**Problem details**
Scan the entries for "shows". Every line that holds it is to be copied.

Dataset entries
#####

(* For any values of $k$, $\mu$, $\nu$, and for $\lambda\neq0$, \[ \,_{3}F_{4}\left(\tfrac{1}{2},\tfrac{\mu}{2}+\tfrac{\nu}{2}+\tfrac{1}{2},\tfrac{\mu}{2}+\tfrac{\nu}{2}+1;\lambda+1,\mu+1,\nu+1,\mu+\nu+1;-k^{2}\right) =\frac{\Gamma(\lambda+1)2^{\mu+\nu}\Gamma(\mu+1)\Gamma(\nu+1)}{\sqrt{\pi}\,\Gamma\left(\lambda+\frac{1}{2}\right)\Gamma(\lambda)^{2}} \sum_{L=0}^{\infty}\frac{(-1)^{2L}k^{4L}\left(\left(\lambda+\frac{1}{2}\right)_{2L}\right)^{2}\Gamma(2L+2\lambda)\,2^{4L-2\lambda-\mu-\nu+1}}{(2L)!\,(2L+\lambda)\left((2\lambda)_{2L}\right)^{2}\left((2L+2\lambda)_{2L}\right)^{2}\left(L+\frac{1}{2}\right)_{\mu+\frac{1}{2}}\left(L+\frac{1}{2}\right)_{\nu+\frac{1}{2}}} \,_{1}F_{2}\left(L+\tfrac{1}{2};2L+\lambda+1,L+\mu+1;-\tfrac{k^{2}}{4}\right)\,_{1}F_{2}\left(L+\tfrac{1}{2};2L+\lambda+1,L+\nu+1;-\tfrac{k^{2}}{4}\right). \]
   Context: $\,_{p}F_{q}(a_1,\dots,a_p;b_1,\dots,b_q;z)=\sum_{n\ge0}\frac{(a_1)_n\cdots(a_p)_n}{(b_1)_n\cdots(b_q)_n}\frac{z^n}{n!}$ is the generalized hypergeometric function. $(c)_g=\Gamma(c+g)/\Gamma(c)$ denotes the Pochhammer symbol (for arbitrary, possibly non-integer, $g$). *)

theory Defs
  imports "HOL-Analysis.Analysis"
begin

definition hypF :: "complex list \<Rightarrow> complex list \<Rightarrow> complex \<Rightarrow> complex" where
  "hypF as bs z = (\<Sum>n. (\<Prod>a\<leftarrow>as. pochhammer a n) / (\<Prod>b\<leftarrow>bs. pochhammer b n)
                         * z ^ n / fact n)"

definition gpoch :: "complex \<Rightarrow> complex \<Rightarrow> complex" where
  "gpoch c g = Gamma (c + g) / Gamma c"

end

theory Submission
  imports Defs
begin

(* Multiplying the L-th summand by the prefactor, Legendre's duplication formula removes all Gamma
   factors, and expanding the two 1F2's turns the right-hand side into an absolutely convergent
   triple series in z = -k^2 over (L, i, j).  Collecting the terms with p = L + i and q = L + j,
   the finite sum over L is a terminating very-well-poised 5F4, which Dougall's theorem (proved here
   by a WZ pair) evaluates to (1/2)_(p+q) / (4^(p+q) (lam+1)_(p+q) p! q!).  Collecting then by
   n = p + q, the Chu-Vandermonde identity and the duplication formula for Pochhammer symbols give
   exactly the coefficients of the 3F4. *)

lemma not_nonpos_Ints_add_of_nat:
  fixes z :: "'a :: ring_1"
  assumes "z \<notin> \<int>\<^sub>\<le>\<^sub>0"
  shows "z + of_nat n \<notin> \<int>\<^sub>\<le>\<^sub>0"
  using nonpos_Ints_diff_Nats[of "z + of_nat n" "of_nat n"] assms by auto

lemma add_of_nat_neq_0:
  fixes z :: "'a :: ring_1"
  assumes "z \<notin> \<int>\<^sub>\<le>\<^sub>0"
  shows "z + of_nat n \<noteq> 0"
  using not_nonpos_Ints_add_of_nat[OF assms, of n] by auto

lemma pochhammer_add_of_nat_neq_0:
  fixes z :: "'a :: field_char_0"
  assumes "z \<notin> \<int>\<^sub>\<le>\<^sub>0"
  shows "pochhammer (z + of_nat n) m \<noteq> 0"
  using not_nonpos_Ints_add_of_nat[OF assms, of n] pochhammer_eq_0_imp_nonpos_Int by blast

lemma odd_of_nat_neq_0: "(2 * of_nat n + 1 :: 'a :: field_char_0) \<noteq> 0"
proof -
  have "(2 * of_nat n + 1 :: 'a) = of_nat (2 * n + 1)" by simp
  then show ?thesis by (simp only: of_nat_eq_0_iff)
qed

lemma half_plus_of_nat_neq_0: "(1/2 + of_nat n :: 'a :: field_char_0) \<noteq> 0"
proof
  assume "1/2 + of_nat n = (0 :: 'a)"
  then have "2 * of_nat n + 1 = (0 :: 'a)" by (simp add: field_simps)
  then show False using odd_of_nat_neq_0 by blast
qed

lemma pochhammer_half_neq_0: "pochhammer (1/2 :: 'a :: field_char_0) n \<noteq> 0"
  using half_plus_of_nat_neq_0 by (auto simp: pochhammer_eq_0_iff eq_neg_iff_add_eq_0)

lemma not_nonpos_Ints_half_double:
  fixes z :: "'a :: field_char_0"
  assumes "2 * z \<notin> \<int>\<^sub>\<le>\<^sub>0"
  shows "z \<notin> \<int>\<^sub>\<le>\<^sub>0" and "z + 1/2 \<notin> \<int>\<^sub>\<le>\<^sub>0"
proof -
  show "z \<notin> \<int>\<^sub>\<le>\<^sub>0"
    using Nats_mult_nonpos_Ints[of 2 z] assms by auto
  have "2 * z = 2 * (z + 1/2) - 1" by (simp add: algebra_simps)
  then show "z + 1/2 \<notin> \<int>\<^sub>\<le>\<^sub>0"
    using Nats_mult_nonpos_Ints[of 2 "z + 1/2"] nonpos_Ints_diff_Nats[of "2 * (z + 1/2)" 1] assms
    by auto
qed

definition hypF_term :: "complex list \<Rightarrow> complex list \<Rightarrow> complex \<Rightarrow> nat \<Rightarrow> complex" where
  "hypF_term as bs z n = (\<Prod>a\<leftarrow>as. pochhammer a n) / (\<Prod>b\<leftarrow>bs. pochhammer b n) * z ^ n / fact n"

lemma hypF_eq_suminf: "hypF as bs z = (\<Sum>n. hypF_term as bs z n)"
  unfolding hypF_def hypF_term_def ..

lemma hypF_term_1F2: "hypF_term [a] [b, c] z n = pochhammer a n / (pochhammer b n * pochhammer c n) * z ^ n / fact n"
  by (simp add: hypF_term_def)

section \<open>Dougall's terminating very-well-poised sum\<close>

text \<open>The sum of \<open>dougall_term lam q p L\<close> over \<open>L\<close> is Dougall's \<open>\<^sub>5F\<^sub>4\<close> with parameters
  \<open>a = lam\<close>, \<open>b = lam + 1/2\<close>, \<open>c = -q\<close>, \<open>d = -p\<close>.\<close>

definition dougall_head :: "'a :: field_char_0 \<Rightarrow> nat \<Rightarrow> nat \<Rightarrow> 'a" where
  "dougall_head lam q L = pochhammer lam L * pochhammer (lam + 1/2) L * pochhammer (- of_nat q) L /
     (pochhammer (1/2) L * fact L * pochhammer (lam + 1 + of_nat q) L)"

definition dougall_term :: "'a :: field_char_0 \<Rightarrow> nat \<Rightarrow> nat \<Rightarrow> nat \<Rightarrow> 'a" where
  "dougall_term lam q p L = (lam + 2 * of_nat L) / lam * dougall_head lam q L * pochhammer (- of_nat p) L
     / pochhammer (lam + 1 + of_nat p) L"

definition dougall_value :: "'a :: field_char_0 \<Rightarrow> nat \<Rightarrow> nat \<Rightarrow> 'a" where
  "dougall_value lam q p = pochhammer (1 + lam) p * pochhammer (1/2 + of_nat q) p /
     (pochhammer (1/2) p * pochhammer (1 + lam + of_nat q) p)"

definition dougall_ratio :: "'a :: field_char_0 \<Rightarrow> nat \<Rightarrow> nat \<Rightarrow> 'a" where
  "dougall_ratio lam q p = (1 + lam + of_nat p) * (2 * of_nat p + 2 * of_nat q + 1) /
     ((1 + 2 * of_nat p) * (1 + lam + of_nat q + of_nat p))"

#####

**Result of this task**
  shows "z + of_nat n \<notin> \<int>\<^sub>\<le>\<^sub>0"
  shows "z + of_nat n \<noteq> 0"
  shows "pochhammer (z + of_nat n) m \<noteq> 0"
  shows "z \<notin> \<int>\<^sub>\<le>\<^sub>0" and "z + 1/2 \<notin> \<int>\<^sub>\<le>\<^sub>0"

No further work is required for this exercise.